lemma aggregate_direction_norm_le:
  assumes "1 \<le> j" "reached (Suc j)"
  shows "norm (g (Suc j) - rho *\<^sub>R (x - z (Suc j))) \<le> 2 * (m + rho) * L / rho"
proof -
  let ?y = "z (Suc j)"
  have "reached j"
    using reached_mono[OF _ assms(2)] by simp
  have "rho / 2 * norm (?y - x) ^ 2 \<le> model_gap j"
    by (rule trial_dist_le_model_gap[OF assms(1) \<open>reached j\<close>])
  also have "\<dots> \<le> L ^ 2 / (2 * rho)"
    by (rule model_gap_le_first[OF assms(1) \<open>reached j\<close>])
  finally have "norm (?y - x) ^ 2 \<le> (L / rho) ^ 2"
    using rho_pos by (simp add: field_simps power_divide power2_eq_square)
  moreover have "0 \<le> L / rho"
    using L_nonneg rho_pos by simp
  ultimately have "norm (?y - x) \<le> L / rho"
    by (rule power2_le_imp_le)
  then have "(m + rho) * norm (?y - x) \<le> (m + rho) * (L / rho)"
    using m_nonneg rho_pos by (intro mult_left_mono) auto
  have decomp: "g (Suc j) - rho *\<^sub>R (x - ?y) = (g (Suc j) - m *\<^sub>R (?y - x)) + (m + rho) *\<^sub>R (?y - x)"
    by (simp add: algebra_simps)
  have "norm (g (Suc j) - rho *\<^sub>R (x - ?y))
      \<le> norm (g (Suc j) - m *\<^sub>R (?y - x)) + norm ((m + rho) *\<^sub>R (?y - x))"
    unfolding decomp by (rule norm_triangle_ineq)
  moreover have "norm (g (Suc j) - m *\<^sub>R (?y - x)) \<le> L"
    using wsubdiff_norm_le_lipschitz[OF lipschitz next_model(3)[OF assms] m_nonneg] .
  moreover have "norm ((m + rho) *\<^sub>R (?y - x)) = (m + rho) * norm (?y - x)"
    using m_nonneg rho_pos by simp
  moreover have "L \<le> (m + rho) * (L / rho)"
    using m_nonneg rho_pos L_nonneg by (simp add: field_simps)
  moreover have "2 * (m + rho) * L / rho = 2 * ((m + rho) * (L / rho))"
    by simp
  ultimately show ?thesis
    using \<open>(m + rho) * norm (?y - x) \<le> (m + rho) * (L / rho)\<close> by linarith
qed
(* Let $K_i(v)=K_{0i}e^{-v^2/(2\sigma_{K_i}^2)}$ ($i=1,2$) and $a(v_1,v_2)=a_0e^{-(v_1-v_2)^2/(2\sigma_a^2)}$ with all constants positive, and consider $$\begin{aligned}\dot x_1&=x_1\Big[r_1\Big(1-\frac{x_1}{K_1(u_1)}\Big)-\frac{a(u_1,u_2)x_2}{1+ha(u_1,u_2)x_1}\Big],\\ \dot x_2&=x_2\Big[\frac{ea(u_1,u_2)x_1}{1+ha(u_1,u_2)x_1}-d+r_2\Big(1-\frac{x_2}{K_2(u_2)}\Big)\Big],\\ \dot u_1&=\sigma_1^2\Big[-\frac{r_1x_1u_1}{\sigma_{K_1}^2K_1(u_1)}+\frac{(u_1-u_2)x_2a(u_1,u_2)}{\sigma_a^2(1+ha(u_1,u_2)x_1)^2}\Big],\\ \dot u_2&=\sigma_2^2\Big[-\frac{r_2x_2u_2}{\sigma_{K_2}^2K_2(u_2)}+\frac{e(u_1-u_2)x_1a(u_1,u_2)}{\sigma_a^2(1+ha(u_1,u_2)x_1)^2}\Big],\end{aligned}$$ with $r_1,r_2,h,e,\sigma_1,\sigma_2>0$, $d\ge0$. (i) If $r_2+\frac{ea_0K_{01}}{1+a_0hK_{01}}<d$, then the strategy $(0,0)$ of the boundary equilibrium $(K_{01},0,0,0)$ is the unique ESS of the system. (ii) Assume $\sigma_{K_2}>\sigma_{K_1}$, and let $(x_1^*,x_2^*,0,0)$ with $x_1^*,x_2^*>0$ be an equilibrium of the system. If $K_{02}a_0<\frac{r_1}{1-\frac{d}{r_2}}$, $K_{01}a_0<\frac{1}{h}$, $\min\{\frac{2r_2}{K_{02}},\frac{r_1}{\sigma_{K_1}^2K_{01}}\}>a_0$, $\frac{r_1r_2}{K_{01}K_{02}}+\frac{ea_0^2}{(1+a_0hK_{01})^3}>a_0^2hK_{02}(r_2+\frac{e}{h})$, $\frac{\sigma_{K_2}}{\sigma_{K_1}}\sqrt{\frac{r_1eK_{02}}{r_2K_{01}}}>\frac{x_2^*}{x_1^*}$ and $\frac{\sigma_a^2}{\sigma_{K_1}\sigma_{K_2}}>\sqrt{\frac{eK_{01}K_{02}}{r_1r_2}}\,a_0$, then the strategy $(0,0)$ of $(x_1^*,x_2^*,0,0)$ is the unique ESS of the system.
   Context: Fitness functions: $G_1(v_1,u,x)=r_1(1-\frac{x_1}{K_1(v_1)})-\frac{a(v_1,u_2)x_2}{1+ha(v_1,u_2)x_1}$ and $G_2(v_2,u,x)=\frac{ea(u_1,v_2)x_1}{1+ha(u_1,v_2)x_1}-d+r_2(1-\frac{x_2}{K_2(v_2)})$. For an equilibrium $(x^*,u^* )$ of the system, $u^*$ is an evolutionary stable strategy (ESS) if $(x^*,u^* )$ is locally asymptotically stable for the four-dimensional system and, for $i=1,2$, $\max_{v_i\in\mathbb R}G_i(v_i,u^*,x^* )=G_i(u_i^*,u^*,x^* )=0$ when $x_1^*,x_2^*>0$, respectively $\max_{v_i\in\mathbb R}G_i(v_i,u^*,x^* )=G_i(u_i^*,u^*,x^* )\le0$ when $x_1^*x_2^*=0$. "Unique ESS" means that it is an ESS and no other equilibrium of the system has an ESS strategy. *)

theory Defs
  imports "HOL-Analysis.Analysis"
begin
(* There exists an absolute constant $c_0>0$ such that for every centered log-concave probability measure $\mu$ on $\mathbb{R}^n$ and every $t\geq 5n$, $$R_t(\mu)\supseteq c_0K_{n+1}(\mu).$$
   Context: A log-concave probability measure on $\mathbb{R}^n$ is a Borel probability measure with $\mu(\lambda A+(1-\lambda)B)\geq\mu(A)^\lambda\mu(B)^{1-\lambda}$ for compact $A,B$, $\lambda\in(0,1)$, and $\mu(H)<1$ for every hyperplane $H$; it has a log-concave density $f_\mu$. Centered means barycenter at $0$. $R_t(\mu)=\{x\in\mathbb{R}^n: f_\mu(x)\geq e^{-t}f_\mu(0)\}$. For $s>0$, $K_s(\mu)=\{x\in\mathbb{R}^n: \int_0^\infty r^{s-1}f_\mu(rx)\,dr\geq f_\mu(0)/s\}$ (Ball's body). *)

theory Defs
  imports "HOL-Probability.Probability"
begin

text \<open>Points of R^n are represented as extensional functions in
  PiE {..<n} (\<lambda>_. UNIV) (coordinates 0..n-1), so that the dimension n is
  an ordinary variable and can be quantified inside the statement.\<close>

definition Rn :: "nat \<Rightarrow> (nat \<Rightarrow> real) set" where
  "Rn n = PiE {..<n} (\<lambda>_. UNIV)"

definition lebn :: "nat \<Rightarrow> (nat \<Rightarrow> real) measure" where
  "lebn n = PiM {..<n} (\<lambda>_. lborel)"

definition vzero :: "nat \<Rightarrow> nat \<Rightarrow> real" where
  "vzero n = (\<lambda>i\<in>{..<n}. 0)"

definition vscale :: "nat \<Rightarrow> real \<Rightarrow> (nat \<Rightarrow> real) \<Rightarrow> nat \<Rightarrow> real" where
  "vscale n r x = (\<lambda>i\<in>{..<n}. r * x i)"

definition vcomb :: "nat \<Rightarrow> real \<Rightarrow> (nat \<Rightarrow> real) \<Rightarrow> real \<Rightarrow> (nat \<Rightarrow> real) \<Rightarrow> nat \<Rightarrow> real" where
  "vcomb n a x b y = (\<lambda>i\<in>{..<n}. a * x i + b * y i)"

definition hyperplane_n :: "nat \<Rightarrow> (nat \<Rightarrow> real) set \<Rightarrow> bool" where
  "hyperplane_n n H \<longleftrightarrow> (\<exists>u c. (\<exists>i<n. u i \<noteq> 0) \<and>
      H = {x \<in> Rn n. (\<Sum>i<n. u i * x i) = c})"

definition log_concave_measure :: "nat \<Rightarrow> (nat \<Rightarrow> real) measure \<Rightarrow> bool" where
  "log_concave_measure n M \<longleftrightarrow>
     sets M = sets (lebn n) \<and> prob_space M \<and>
     (\<forall>A B l. A \<subseteq> Rn n \<and> B \<subseteq> Rn n \<and> compact A \<and> compact B \<and> 0 < l \<and> l < 1 \<longrightarrow>
        measure M {vcomb n l a (1 - l) b | a b. a \<in> A \<and> b \<in> B}
          \<ge> measure M A powr l * measure M B powr (1 - l)) \<and>
     (\<forall>H. hyperplane_n n H \<longrightarrow> measure M H < 1)"

definition centered :: "nat \<Rightarrow> (nat \<Rightarrow> real) measure \<Rightarrow> bool" where
  "centered n M \<longleftrightarrow> (\<forall>i<n. integrable M (\<lambda>x. x i) \<and> (\<integral>x. x i \<partial>M) = 0)"

definition log_concave_fun :: "nat \<Rightarrow> ((nat \<Rightarrow> real) \<Rightarrow> real) \<Rightarrow> bool" where
  "log_concave_fun n f \<longleftrightarrow> (\<forall>x\<in>Rn n. 0 \<le> f x) \<and>
     (\<forall>x\<in>Rn n. \<forall>y\<in>Rn n. \<forall>l. 0 < l \<and> l < 1 \<longrightarrow>
        f (vcomb n l x (1 - l) y) \<ge> f x powr l * f y powr (1 - l))"

definition is_lc_density :: "nat \<Rightarrow> (nat \<Rightarrow> real) measure \<Rightarrow> ((nat \<Rightarrow> real) \<Rightarrow> real) \<Rightarrow> bool" where
  "is_lc_density n M f \<longleftrightarrow> f \<in> borel_measurable (lebn n) \<and> log_concave_fun n f \<and>
     M = density (lebn n) (\<lambda>x. ennreal (f x))"

definition Rt :: "nat \<Rightarrow> ((nat \<Rightarrow> real) \<Rightarrow> real) \<Rightarrow> real \<Rightarrow> (nat \<Rightarrow> real) set" where
  "Rt n f t = {x \<in> Rn n. f x \<ge> exp (- t) * f (vzero n)}"
(* Let $G=(V,E)$ be a finite connected graph with $n=|V|\ge2$ vertices such that the equation $DK=n\mathbf{1}_n$ admits at least one solution $K\in\mathbb{R}^n$. Then the following are equivalent: (a) $G$ is antipodal; (b) $G$ is self-centered and Bonnet–Myers sharp.
   Context: All graphs are finite, simple, connected and undirected, with the combinatorial shortest-path distance $d$. For $V=\{v_1,\dots,v_n\}$, $D=(d(v_i,v_j))_{i,j=1}^n$ is the distance matrix and $\mathbf{1}_n$ the all-ones column vector. When $DK=n\mathbf{1}_n$ has solutions, the Steinerberger curvature is a solution $K$ for which $\min_iK_i$ is maximal among all solutions (the unique solution if there is only one). $G$ is Bonnet–Myers sharp if $DK=n\mathbf{1}_n$ has a solution and its Steinerberger curvature $K$ satisfies $\min_iK_i=2/\mathrm{diam}(G)$ (equivalently, some solution $K$ has $\min_i K_i=2/\mathrm{diam}(G)$). $G$ is self-centered if for every $x\in V$ there exists $\hat x\in V$ with $d(x,\hat x)=\mathrm{diam}(G)$. For $x,y\in V$ let $[x,y]=\{z\in V: d(x,y)=d(x,z)+d(z,y)\}$; $G$ is antipodal if for every $x\in V$ there exists $\hat x\in V$ with $[x,\hat x]=V$. *)

theory Defs
  imports Complex_Main
begin

text \<open>A finite simple graph on the vertex set V with adjacency relation E
(symmetric, irreflexive on V). Edges with an endpoint outside V are ignored.\<close>

definition adj_rel :: "'a set \<Rightarrow> ('a \<Rightarrow> 'a \<Rightarrow> bool) \<Rightarrow> ('a \<times> 'a) set" where
  "adj_rel V E = {(x, y). x \<in> V \<and> y \<in> V \<and> E x y}"

definition simple_graph :: "'a set \<Rightarrow> ('a \<Rightarrow> 'a \<Rightarrow> bool) \<Rightarrow> bool" where
  "simple_graph V E \<longleftrightarrow> finite V \<and> (\<forall>x\<in>V. \<forall>y\<in>V. E x y \<longrightarrow> E y x) \<and> (\<forall>x\<in>V. \<not> E x x)"

definition connected_graph :: "'a set \<Rightarrow> ('a \<Rightarrow> 'a \<Rightarrow> bool) \<Rightarrow> bool" where
  "connected_graph V E \<longleftrightarrow> (\<forall>x\<in>V. \<forall>y\<in>V. \<exists>k. (x, y) \<in> adj_rel V E ^^ k)"

definition gdist :: "'a set \<Rightarrow> ('a \<Rightarrow> 'a \<Rightarrow> bool) \<Rightarrow> 'a \<Rightarrow> 'a \<Rightarrow> nat" where
  "gdist V E x y = (LEAST k. (x, y) \<in> adj_rel V E ^^ k)"

definition diam :: "'a set \<Rightarrow> ('a \<Rightarrow> 'a \<Rightarrow> bool) \<Rightarrow> nat" where
  "diam V E = Max {gdist V E x y | x y. x \<in> V \<and> y \<in> V}"

text \<open>K solves D K = n 1_n (vectors indexed by the vertices).\<close>
definition curv_solution :: "'a set \<Rightarrow> ('a \<Rightarrow> 'a \<Rightarrow> bool) \<Rightarrow> ('a \<Rightarrow> real) \<Rightarrow> bool" where
  "curv_solution V E K \<longleftrightarrow>
     (\<forall>x\<in>V. (\<Sum>y\<in>V. real (gdist V E x y) * K y) = real (card V))"

definition minK :: "'a set \<Rightarrow> ('a \<Rightarrow> real) \<Rightarrow> real" where
  "minK V K = Min (K ` V)"

definition steinerberger_curvature :: "'a set \<Rightarrow> ('a \<Rightarrow> 'a \<Rightarrow> bool) \<Rightarrow> ('a \<Rightarrow> real) \<Rightarrow> bool" where
  "steinerberger_curvature V E K \<longleftrightarrow> curv_solution V E K \<and>
     (\<forall>K'. curv_solution V E K' \<longrightarrow> minK V K' \<le> minK V K)"

definition bonnet_myers_sharp :: "'a set \<Rightarrow> ('a \<Rightarrow> 'a \<Rightarrow> bool) \<Rightarrow> bool" where
  "bonnet_myers_sharp V E \<longleftrightarrow>
     (\<exists>K. steinerberger_curvature V E K \<and> minK V K = 2 / real (diam V E))"

definition self_centered :: "'a set \<Rightarrow> ('a \<Rightarrow> 'a \<Rightarrow> bool) \<Rightarrow> bool" where
  "self_centered V E \<longleftrightarrow> (\<forall>x\<in>V. \<exists>x'\<in>V. gdist V E x x' = diam V E)"

definition interval :: "'a set \<Rightarrow> ('a \<Rightarrow> 'a \<Rightarrow> bool) \<Rightarrow> 'a \<Rightarrow> 'a \<Rightarrow> 'a set" where
  "interval V E x y = {z \<in> V. gdist V E x y = gdist V E x z + gdist V E z y}"

definition antipodal :: "'a set \<Rightarrow> ('a \<Rightarrow> 'a \<Rightarrow> bool) \<Rightarrow> bool" where
  "antipodal V E \<longleftrightarrow> (\<forall>x\<in>V. \<exists>x'\<in>V. interval V E x x' = V)"

end

theory Submission
  imports Defs
begin

text \<open>
For a solution K of D K = n 1 and two vertices x, y, adding the rows of x and y gives
\<Sum>z (d(x,z) + d(z,y) - d(x,y)) K z = 2n - d(x,y) \<Sum>z K z, where every excess
d(x,z) + d(z,y) - d(x,y) is nonnegative. For a diametral pair this yields the
Bonnet--Myers bound min K \<le> 2/diam; if equality holds then all K z are positive and
\<Sum> K z \<ge> 2n/diam, so every excess vanishes, i.e. [x,y] = V: an antipode of x.
Conversely, in an antipodal graph the antipode map is an involution with
d(x,y) + d(x,antipode y) = diam, so summing a row of D against it shows that the
constant vector 2/diam solves D K = n 1; by the bound it is a Steinerberger curvature.
\<close>

lemma relpow_sym:
  assumes "\<And>a b. (a, b) \<in> R \<Longrightarrow> (b, a) \<in> R"
  shows "(x, y) \<in> R ^^ k \<Longrightarrow> (y, x) \<in> R ^^ k"
proof (induction k arbitrary: x y)
  case 0
  then show ?case by simp
next
  case (Suc k)
  then obtain z where "(x, z) \<in> R ^^ k" "(z, y) \<in> R" by auto
  with Suc.IH assms have "(y, z) \<in> R" "(z, x) \<in> R ^^ k" by auto
  then show ?case by (metis relpow_Suc_I2)
qed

Problem to work on:
What is needed is a single number: how many lines of the data contain the word "minK".

Response below:
4